On vous souhaite une bonne semaine et une bonne lecture :)
Chapitre 13
« C'est super cool ça ! s'écrie Marianne. Tu as un cavalier Fred ! »
Qui l'eut cru.
« Oh lalala il faut trouver ta robe maintenant ! Avant qu'il ai plus de choix ! Je te prêterai des escarpins si tu veux ! Oh ! Rita va être verte de jalousie hihihi ! »
Merlin tout puissant, je vais au bal de Noël avec David. David Lehnsherr.
« Fred ? ça va ? T'es toute pâle, tu te sens bien ? »
Mécaniquement, je tourne mon regard sur elle.
« Oui. »
C'est une catastrophe.
Cath m'a annoncé ça au petit déjeuner. Mes genoux se mettent doucement à trembler d'inquiétude. Je tripote pensivement la lanière de mon sac. Est-ce une pure coïncidence si Cath a réussi à me trouver une invitation ou a-t-elle vu clair en moi ? Moi-même je suis au milieu d'un brouillard de plus en plus épais. Non, elle me l'aurait dit. Cath n'est pas le genre de personne qui planifie dans votre dos. Elle est bien trop empressée pour garder ça pour elle toute seule. C'est une des qualités que j'apprécie le plus chez elle.

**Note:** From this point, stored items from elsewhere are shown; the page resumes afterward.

lemma le_scaleR: "0 \<le> c \<Longrightarrow> x \<sqsubseteq> y \<Longrightarrow> c *\<^sub>R x \<sqsubseteq> c *\<^sub>R y"
  using solid unfolding solid_vector_space_def vector_ordering_def by blast

lemma le_closed: "conv xs x \<Longrightarrow> conv ys y \<Longrightarrow> (\<And>n. xs n \<sqsubseteq> ys n) \<Longrightarrow> x \<sqsubseteq> y"
  using solid unfolding solid_vector_space_def vector_ordering_def by blast

lemma lt_iff_interior: "x \<sqsubset> y \<longleftrightarrow> y - x \<in> cone_interior"
  using solid unfolding solid_vector_space_def by blast

lemma le_iff_diff_nonneg: "x \<sqsubseteq> y \<longleftrightarrow> 0 \<sqsubseteq> y - x"
  using le_add_right[of x y "-x"] le_add_right[of 0 "y - x" x] by auto

lemma le_minus: "x \<sqsubseteq> y \<Longrightarrow> -y \<sqsubseteq> -x"
  by (simp add: le_iff_diff_nonneg[of x] le_iff_diff_nonneg[of "-y"])

lemma interior_subset_cone: "u \<in> cone_interior \<Longrightarrow> 0 \<sqsubseteq> u"
  unfolding c_interior_def by blast

lemma lt_imp_le: "x \<sqsubset> y \<Longrightarrow> x \<sqsubseteq> y"
  using lt_iff_interior interior_subset_cone le_iff_diff_nonneg by blast

lemma interior_nonempty: "cone_interior \<noteq> {}"
  using solid unfolding solid_vector_space_def c_solid_cone_def by blast

lemma eventually_in_interior:
  "conv xs x \<Longrightarrow> x \<in> cone_interior \<Longrightarrow> \<forall>\<^sub>F n in sequentially. xs n \<in> cone_interior"
  unfolding c_interior_def c_open_def by (blast intro: eventually_mono)

lemma c_open_scaleR:
  assumes "s \<noteq> 0" and "c_open conv U"
  shows "c_open conv ((*\<^sub>R) s ` U)"
  unfolding c_open_def
proof (intro allI impI)
  fix xs y assume "conv xs y" and "y \<in> (*\<^sub>R) s ` U"
  then have "conv (\<lambda>n. inverse s *\<^sub>R xs n) (inverse s *\<^sub>R y)" and "inverse s *\<^sub>R y \<in> U"
    using conv_scaleR \<open>s \<noteq> 0\<close> by auto
  then have "\<forall>\<^sub>F n in sequentially. inverse s *\<^sub>R xs n \<in> U"
    using \<open>c_open conv U\<close> unfolding c_open_def by blast
  then show "\<forall>\<^sub>F n in sequentially. xs n \<in> (*\<^sub>R) s ` U"
    by (rule eventually_mono) (use \<open>s \<noteq> 0\<close> in \<open>force simp: image_iff\<close>)
qed

lemma interior_scaleR:
  assumes "0 < s" and "u \<in> cone_interior"
  shows "s *\<^sub>R u \<in> cone_interior"
proof -
  obtain U where "U \<subseteq> {x. 0 \<sqsubseteq> x}" "c_open conv U" "u \<in> U"
    using assms(2) unfolding c_interior_def by blast
  moreover have "(*\<^sub>R) s ` U \<subseteq> {x. 0 \<sqsubseteq> x}"
    using \<open>U \<subseteq> {x. 0 \<sqsubseteq> x}\<close> le_scaleR[of s 0] \<open>0 < s\<close> by auto
  ultimately show ?thesis
    using c_open_scaleR[of s U] \<open>0 < s\<close> unfolding c_interior_def by blast
qed

lemma conv_imp_eventually_between:
  assumes "conv xs x" and "0 \<sqsubset> c"
  shows "\<forall>\<^sub>F n in sequentially. x - c \<sqsubset> xs n \<and> xs n \<sqsubset> x + c"
proof -
  have "c \<in> cone_interior" using assms(2) lt_iff_interior by simp
  moreover have "conv (\<lambda>n. xs n - (x - c)) c" and "conv (\<lambda>n. (x + c) - xs n) c"
    using conv_diff[OF assms(1) conv_const, of "x - c"] conv_diff[OF conv_const assms(1), of "x + c"]
    by simp_all
  ultimately have "\<forall>\<^sub>F n in sequentially. xs n - (x - c) \<in> cone_interior"
      and "\<forall>\<^sub>F n in sequentially. (x + c) - xs n \<in> cone_interior"
    using eventually_in_interior by blast+
  then show ?thesis
    unfolding lt_iff_interior by (rule eventually_conj)
qed

definition abs_le :: "'a \<Rightarrow> 'a \<Rightarrow> bool" where
  "abs_le v c \<longleftrightarrow> -c \<sqsubseteq> v \<and> v \<sqsubseteq> c"

lemma abs_le_diff_iff: "abs_le (y - x) c \<longleftrightarrow> x - c \<sqsubseteq> y \<and> y \<sqsubseteq> x + c"
  unfolding abs_le_def le_iff_diff_nonneg[of "-c"] le_iff_diff_nonneg[of "y - x"]
    le_iff_diff_nonneg[of "x - c"] le_iff_diff_nonneg[of y]
  by (simp add: algebra_simps)

lemma abs_le_if_nonneg:
  assumes "0 \<sqsubseteq> v" and "v \<sqsubseteq> c"
  shows "abs_le v c"
proof -
  have "- c \<sqsubseteq> 0"
    using le_minus[OF le_trans[OF assms]] by simp
  with assms show ?thesis
    unfolding abs_le_def using le_trans by blast
qed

Marianne m'attrape le bras et nous guide à nos places habituelles, Christ s'installe à ma droite. Un instant, je suis étonnée de ne voir aucun éclair de tristesse dans ses yeux lorsque Marianne le salue. Flitwick nous demande d'ouvrir nos manuels et de sortir nos baguettes. Tandis qu'il se perd dans l'explication tortueuse d'un nouveau sortilège, je me perds dans mes pensées tortueuses.
Bien évidemment j'ai songé à l'éventuelle potentialité d'avoir un cavalier pour le bal. Je n'avais pas particulièrement d'angoisse, je savais que Cath, si elle trouvait quelqu'un, ce serait une personne que je connais. Du moins un minimum. Pour ne pas me tétaniser avant même le début de la soirée ou pire, me terrer dans la salle de bain du dortoir. Elle me connaît trop bien. Je n'étais pas inquiète, mais je n'avais alors pas songé un instant qu'elle trouve David. La simple pensée de son prénom me fait rougir brutalement et enfouir mon visage entre mes mains.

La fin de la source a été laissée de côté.